Boundaries are mostly artificial. Fussing over them in the comments appears to indicate a strong desire amongst the readers to make strict sense of a dynamic system that is constantly changing. Which I can sympathize with, but also think is a bit naive (to put it nicely). County boundaries themselves possibly made sense at the time they were made, but it is rare and gratifying when they follow a natural or logical path. For instance, the County of New York which should just be an island, actually includes Marble Hill, a tiny bit of the mainland, because the natural boundaries (rivers) changed. In some cases the lines between states are not even clear.
It would be interesting to see some comparisons across similar population densities nationally (comparison of all urban areas or all non-urban areas). However, once one starts making decisions about what constitutes an urban area or other designation there is going to be some bias in where boundaries are drawn and limitations on data available and how it is collected. Does one include Newark, NJ in the NYC metro area or not, and does Newark tabulate the same data the same way that New York City does? Ultimately the choice of state over county boundaries has a lot to do with how much and how accurate the data available is, how much time you have to collect the data and do all the calculations, and how arbitrary or biased the boundaries are.

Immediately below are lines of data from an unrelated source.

lemma sprod_mult_mat_vec:
  assumes "X \<in> carrier_mat r c" "x \<in> carrier_vec c" "y \<in> carrier_vec r"
  shows "y \<bullet> (X *\<^sub>v x) = (transpose_mat X *\<^sub>v y) \<bullet> (x :: real vec)"
  using transpose_vec_mult_scalar[OF assms] by simp

lemma sprod_mult_mat_vec_self:
  assumes X: "X \<in> carrier_mat r c" and x: "x \<in> carrier_vec c"
  shows "(X *\<^sub>v x) \<bullet> (X *\<^sub>v x) = x \<bullet> ((transpose_mat X * X) *\<^sub>v (x :: real vec))"
proof -
  have "(X *\<^sub>v x) \<bullet> (X *\<^sub>v x) = (transpose_mat X *\<^sub>v (X *\<^sub>v x)) \<bullet> x"
    using sprod_mult_mat_vec[OF X x mult_mat_vec_carrier[OF X x]] .
  also have "\<dots> = x \<bullet> ((transpose_mat X * X) *\<^sub>v x)"
    using X x by (subst comm_scalar_prod[of _ c]) auto
  finally show ?thesis .
qed

lemma orthonormal_cols_cancel:
  assumes "X \<in> carrier_mat r c" "transpose_mat X * X = 1\<^sub>m c" "x \<in> carrier_vec c"
  shows "transpose_mat X *\<^sub>v (X *\<^sub>v x) = (x :: real vec)"
  using assms by (simp add: assoc_mult_mat_vec[of _ c r _ c, symmetric])

lemma orthogonal_mat_mult_transpose:
  assumes "X \<in> carrier_mat n n" "transpose_mat X * X = 1\<^sub>m n"
  shows "X * transpose_mat X = (1\<^sub>m n :: real mat)"
  using mat_mult_left_right_inverse[of "transpose_mat X" n X] assms by auto

lemma orthogonal_mat_cancel:
  assumes X: "X \<in> carrier_mat n n" "transpose_mat X * X = 1\<^sub>m n" and x: "x \<in> carrier_vec n"
  shows "X *\<^sub>v (transpose_mat X *\<^sub>v x) = (x :: real vec)"
  using orthogonal_mat_mult_transpose[OF X] X x by (simp add: assoc_mult_mat_vec[of _ n n _ n, symmetric])

lemma orthonormal_cols_sprod:
  assumes "X \<in> carrier_mat r c" "transpose_mat X * X = 1\<^sub>m c" "x \<in> carrier_vec c"
  shows "(X *\<^sub>v x) \<bullet> (X *\<^sub>v x) = x \<bullet> (x :: real vec)"
  using sprod_mult_mat_vec_self[OF assms(1,3)] assms by simp

lemma orthonormal_cols_vnorm:
  assumes "X \<in> carrier_mat r c" "transpose_mat X * X = 1\<^sub>m c" "x \<in> carrier_vec c"
  shows "vnorm (X *\<^sub>v x) = vnorm (x :: real vec)"
  using orthonormal_cols_sprod[OF assms] unfolding vnorm_def by simp

lemma projector_mult_vec:
  assumes X: "X \<in> carrier_mat m c" and w: "w \<in> carrier_vec m"
  shows "(1\<^sub>m m - X * transpose_mat X) *\<^sub>v w = w - X *\<^sub>v (transpose_mat X *\<^sub>v (w :: real vec))"
  using X w by (simp add: minus_mult_distrib_mat_vec[of _ m m] assoc_mult_mat_vec[of _ m c _ m])

lemma projector_sprod:
  assumes X: "X \<in> carrier_mat m c" "transpose_mat X * X = 1\<^sub>m c" and w: "w \<in> carrier_vec m"
  shows "((1\<^sub>m m - X * transpose_mat X) *\<^sub>v w) \<bullet> ((1\<^sub>m m - X * transpose_mat X) *\<^sub>v w)
     = w \<bullet> w - (transpose_mat X *\<^sub>v w) \<bullet> (transpose_mat X *\<^sub>v (w :: real vec))"
proof -
  define v where "v = transpose_mat X *\<^sub>v w"
  have v: "v \<in> carrier_vec c" and Xv: "X *\<^sub>v v \<in> carrier_vec m"
    unfolding v_def using X w by auto
  have wXv: "w \<bullet> (X *\<^sub>v v) = v \<bullet> v" and Xvw: "(X *\<^sub>v v) \<bullet> w = v \<bullet> v"
    using sprod_mult_mat_vec[OF X(1) v w] comm_scalar_prod[OF w Xv] unfolding v_def by simp_all
  have "(w - X *\<^sub>v v) \<bullet> (w - X *\<^sub>v v)
      = w \<bullet> w - w \<bullet> (X *\<^sub>v v) - ((X *\<^sub>v v) \<bullet> w - (X *\<^sub>v v) \<bullet> (X *\<^sub>v v))"
    using w Xv by (simp add: minus_scalar_prod_distrib[of _ m] scalar_prod_minus_distrib[of _ m])
  also have "\<dots> = w \<bullet> w - v \<bullet> v"
    unfolding wXv Xvw orthonormal_cols_sprod[OF X v] by simp
  finally show ?thesis unfolding projector_mult_vec[OF X(1) w] v_def .
qed

lemma projector_add_complement:
  assumes X: "X \<in> carrier_mat m c" and w: "w \<in> carrier_vec m"
  shows "(X * transpose_mat X) *\<^sub>v w + (1\<^sub>m m - X * transpose_mat X) *\<^sub>v w = (w :: real vec)"
  using X w by (simp add: minus_mult_distrib_mat_vec[of _ m m] assoc_mult_mat_vec[of _ m c _ m])
    (intro eq_vecI, auto)

lemma vnorm_projection_le:
  assumes X: "X \<in> carrier_mat m c" "transpose_mat X * X = 1\<^sub>m c" and w: "w \<in> carrier_vec m"
  shows "vnorm ((X * transpose_mat X) *\<^sub>v w) \<le> vnorm (w :: real vec)"
proof -
  have "(X * transpose_mat X) *\<^sub>v w = X *\<^sub>v (transpose_mat X *\<^sub>v w)"
    using X w by (simp add: assoc_mult_mat_vec[of _ m c _ m])
  then have "vnorm ((X * transpose_mat X) *\<^sub>v w) = vnorm (transpose_mat X *\<^sub>v w)"
    using orthonormal_cols_vnorm[OF X] X w by simp
  also have "\<dots> \<le> vnorm w"
    using projector_sprod[OF X w] sprod_self_nonneg[of "(1\<^sub>m m - X * transpose_mat X) *\<^sub>v w"]
    unfolding vnorm_def by simp
  finally show ?thesis .
qed

lemma projector_vnorm_le:
  assumes "X \<in> carrier_mat m c" "transpose_mat X * X = 1\<^sub>m c" "w \<in> carrier_vec m"
  shows "vnorm ((1\<^sub>m m - X * transpose_mat X) *\<^sub>v w) \<le> vnorm (w :: real vec)"
  using projector_sprod[OF assms] sprod_self_nonneg[of "transpose_mat X *\<^sub>v w"]
  unfolding vnorm_def by simp

lemma projection_mult_range:
  assumes X: "X \<in> carrier_mat m c" "transpose_mat X * X = 1\<^sub>m c" and z: "z \<in> carrier_vec c"
  shows "(X * transpose_mat X) *\<^sub>v (X *\<^sub>v z) = (X *\<^sub>v (z :: real vec))"
  using X z by (simp add: assoc_mult_mat_vec[of _ m c _ m] orthonormal_cols_cancel)

lemma projector_mult_range:
  assumes X: "X \<in> carrier_mat m c" "transpose_mat X * X = 1\<^sub>m c" and z: "z \<in> carrier_vec c"
  shows "(1\<^sub>m m - X * transpose_mat X) *\<^sub>v (X *\<^sub>v z) = (0\<^sub>v m :: real vec)"
proof -
  have Xz: "X *\<^sub>v z \<in> carrier_vec m"
    using X z by auto
  then have "(1\<^sub>m m - X * transpose_mat X) *\<^sub>v (X *\<^sub>v z) = X *\<^sub>v z - X *\<^sub>v (transpose_mat X *\<^sub>v (X *\<^sub>v z))"
    by (rule projector_mult_vec[OF X(1)])
  also have "\<dots> = 0\<^sub>v m"
    unfolding orthonormal_cols_cancel[OF X z] using Xz by (intro eq_vecI) auto
  finally show ?thesis .
qed

lemma vnorm_mult_mat_vec_le_Frobenius:
  assumes M: "M \<in> carrier_mat r c" and x: "x \<in> carrier_vec c"
  shows "vnorm (M *\<^sub>v x) \<le> sqrt (\<Sum>i<r. row M i \<bullet> row M i) * vnorm (x :: real vec)"
proof -
  have "(M *\<^sub>v x) \<bullet> (M *\<^sub>v x) = (\<Sum>i<r. ((M *\<^sub>v x) $ i)\<^sup>2)"
    by (rule sprod_self_eq_sum) (use M x in auto)
  also have "\<dots> = (\<Sum>i<r. (row M i \<bullet> x)\<^sup>2)"
    using M by (intro sum.cong) auto
  also have "\<dots> \<le> (\<Sum>i<r. (row M i \<bullet> row M i) * (x \<bullet> x))"
    by (intro sum_mono scalar_prod_Cauchy_Schwarz[of _ c]) (use M x in auto)
  also have "\<dots> = (sqrt (\<Sum>i<r. row M i \<bullet> row M i) * vnorm x)\<^sup>2"
    by (simp add: sum_distrib_right power_mult_distrib vnorm_sq sum_nonneg sprod_self_nonneg)
  finally have "(vnorm (M *\<^sub>v x))\<^sup>2 \<le> (sqrt (\<Sum>i<r. row M i \<bullet> row M i) * vnorm x)\<^sup>2"
    unfolding vnorm_sq .
  then show ?thesis
    by (rule power2_le_imp_le) (simp add: vnorm_nonneg sum_nonneg sprod_self_nonneg)
qed

lemma norm2_upper:
  assumes M: "M \<in> carrier_mat r c" and x: "x \<in> carrier_vec c" and x1: "vnorm x = 1"
  shows "vnorm (M *\<^sub>v x) \<le> norm2 M"
proof -
  define F where "F = sqrt (\<Sum>i<r. row M i \<bullet> row M i)"
  have "vnorm (M *\<^sub>v y) \<le> F" if "y \<in> carrier_vec c" "vnorm y = 1" for y
    using vnorm_mult_mat_vec_le_Frobenius[OF M that(1)] that(2) unfolding F_def by simp
  then have "bdd_above {vnorm (M *\<^sub>v x) | x. x \<in> carrier_vec c \<and> vnorm x = 1}"
    by (intro bdd_aboveI[where M = F]) blast
  moreover have "vnorm (M *\<^sub>v x) \<in> {vnorm (M *\<^sub>v x) | x. x \<in> carrier_vec c \<and> vnorm x = 1}"
    using x x1 by blast
  ultimately show ?thesis
    unfolding norm2_def using M by (simp add: cSup_upper)
qed

lemma vnorm_mult_mat_vec_le_norm2:
  assumes M: "M \<in> carrier_mat r c" and x: "x \<in> carrier_vec c"
  shows "vnorm (M *\<^sub>v x) \<le> norm2 M * vnorm (x :: real vec)"
proof (cases "vnorm x = 0")
  case True
  then have "x = 0\<^sub>v c"
    using sprod_self_eq_0_iff[OF x] vnorm_sq[of x] by simp
  then have "M *\<^sub>v x = 0\<^sub>v r"
    using M by (intro eq_vecI) auto
  then show ?thesis
    using True by (simp add: vnorm_def)
next
  case False
  then have pos: "0 < vnorm x"
    using vnorm_nonneg[of x] by simp
  have "(1 / vnorm x) * vnorm (M *\<^sub>v x) = vnorm (M *\<^sub>v ((1 / vnorm x) \<cdot>\<^sub>v x))"
    using M x pos by (simp add: vnorm_smult mult_mat_vec)
  also have "\<dots> \<le> norm2 M"
    by (rule norm2_upper[OF M]) (use x pos in \<open>auto simp: vnorm_smult\<close>)
  finally show ?thesis
    using pos by (simp add: field_simps)
qed

lemma norm2_nonneg:
  assumes "M \<in> carrier_mat r c" "0 < c"
  shows "0 \<le> norm2 M"
proof -
  have "vnorm (unit_vec c 0 :: real vec) = 1"
    using assms(2) by (simp add: vnorm_def)
  then show ?thesis
    using norm2_upper[OF assms(1), of "unit_vec c 0"] vnorm_nonneg[of "M *\<^sub>v unit_vec c 0"]
    by simp
qed

section \<open>Spectral theorem for real symmetric matrices\<close>

lemma eigenvalue_of_real_symmetric_is_real:
  fixes M :: "real mat"
  assumes M: "M \<in> carrier_mat n n" and sym: "transpose_mat M = M"
    and v: "v \<in> carrier_vec n" "v \<noteq> 0\<^sub>v n" "map_mat complex_of_real M *\<^sub>v v = l \<cdot>\<^sub>v v"
  shows "l = of_real (Re l)"
proof -
  \<comment> \<open>the Hermitian form \<open>v\<^sup>* M v\<close> equals \<open>l |v|\<^sup>2\<close> and is real\<close>
  define s where "s = (\<Sum>i<n. \<Sum>j<n. cnj (v $ i) * of_real (M $$ (i,j)) * v $ j)"
  define c where "c = (\<Sum>i<n. (cmod (v $ i))\<^sup>2)"
  have row: "(\<Sum>j<n. of_real (M $$ (i,j)) * v $ j) = l * v $ i" if i: "i < n" for i
    using arg_cong[OF v(3), of "\<lambda>w. w $ i"] i M v(1) by (simp add: scalar_prod_def lessThan_atLeast0)
  have "s = (\<Sum>i<n. cnj (v $ i) * (\<Sum>j<n. of_real (M $$ (i,j)) * v $ j))"
    unfolding s_def by (simp add: sum_distrib_left mult.assoc)
  also have "\<dots> = (\<Sum>i<n. cnj (v $ i) * (l * v $ i))"
    using row by simp
  also have "\<dots> = l * (\<Sum>i<n. cnj (v $ i) * v $ i)"
    by (simp add: sum_distrib_left algebra_simps)
  also have "(\<Sum>i<n. cnj (v $ i) * v $ i) = of_real c"
    unfolding c_def by (simp add: complex_mult_cnj cmod_def mult.commute)
  finally have s_eq: "s = l * of_real c" .
  have M_sym: "M $$ (j,i) = M $$ (i,j)" if "i < n" "j < n" for i j
    using arg_cong[OF sym, of "\<lambda>A. A $$ (i,j)"] that M by auto
  have "cnj s = (\<Sum>i<n. \<Sum>j<n. v $ i * of_real (M $$ (i,j)) * cnj (v $ j))"
    unfolding s_def by simp
  also have "\<dots> = (\<Sum>j<n. \<Sum>i<n. v $ i * of_real (M $$ (i,j)) * cnj (v $ j))"
    by (rule sum.swap)
  also have "\<dots> = s"
    unfolding s_def by (intro sum.cong refl) (simp add: M_sym algebra_simps)
  finally have "cnj l * of_real c = l * of_real c"
    using s_eq by simp
  moreover have "c \<noteq> 0"
  proof
    assume "c = 0"
    then have "\<forall>i\<in>{..<n}. (cmod (v $ i))\<^sup>2 = 0"
      unfolding c_def by (subst sum_nonneg_eq_0_iff[symmetric]) auto
    then have "v = 0\<^sub>v n"
      using v(1) by (intro eq_vecI) auto
    with v(2) show False ..
  qed
  ultimately have "Im l = 0"
    by (metis cnj.sel(2) mult_cancel_right neg_equal_zero of_real_eq_0_iff)
  then show ?thesis
    by (simp add: complex_eqI)
qed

The commenter-identified purpose of this finer grained analysis is puzzling to me: To argue against a generalization (showing data by state) with a different generalization (that liberals live in cities and conservatives in the country) is not logical. There are conservatives in cities, and there are liberals that live in the country. Since gun control laws are generally enacted on a state, not county, level, adding county level information is not necessarily clarifying unless one wanted to look at trends within a state. While looking at county level data might eliminate some of the urban bias commenters were concerned with, it will not account for the non-urban bias: it is less likely that violent deaths by gun will occur if there is no one around to shoot. Looking at state level data may therefore be more desirable since both biases are included and can generally balance each other out, plus the data follows the same boundaries as the laws, making it the least arbitrary.
Sociology is hard because it is not mathematically straightforward in a scientific way like Newtonian physics is: there are just too many variables when it comes to humans. So when reading these types of articles, one should take it for what it is, a general picture of general trends and tendencies that need further analysis to really be understood. When taken with more in-depth studies, there is a limited role for this type of information to play in policy development. That does not make this or similar articles useless, it makes them starting points for asking questions and further studies, which is certainly extremely valuable.
As a final note, hands down the most striking thing about this data was that they did not test for correlation to gun ownership. Which might seem overly obvious, but, hey, it is usually the most obvious things that make the most sense.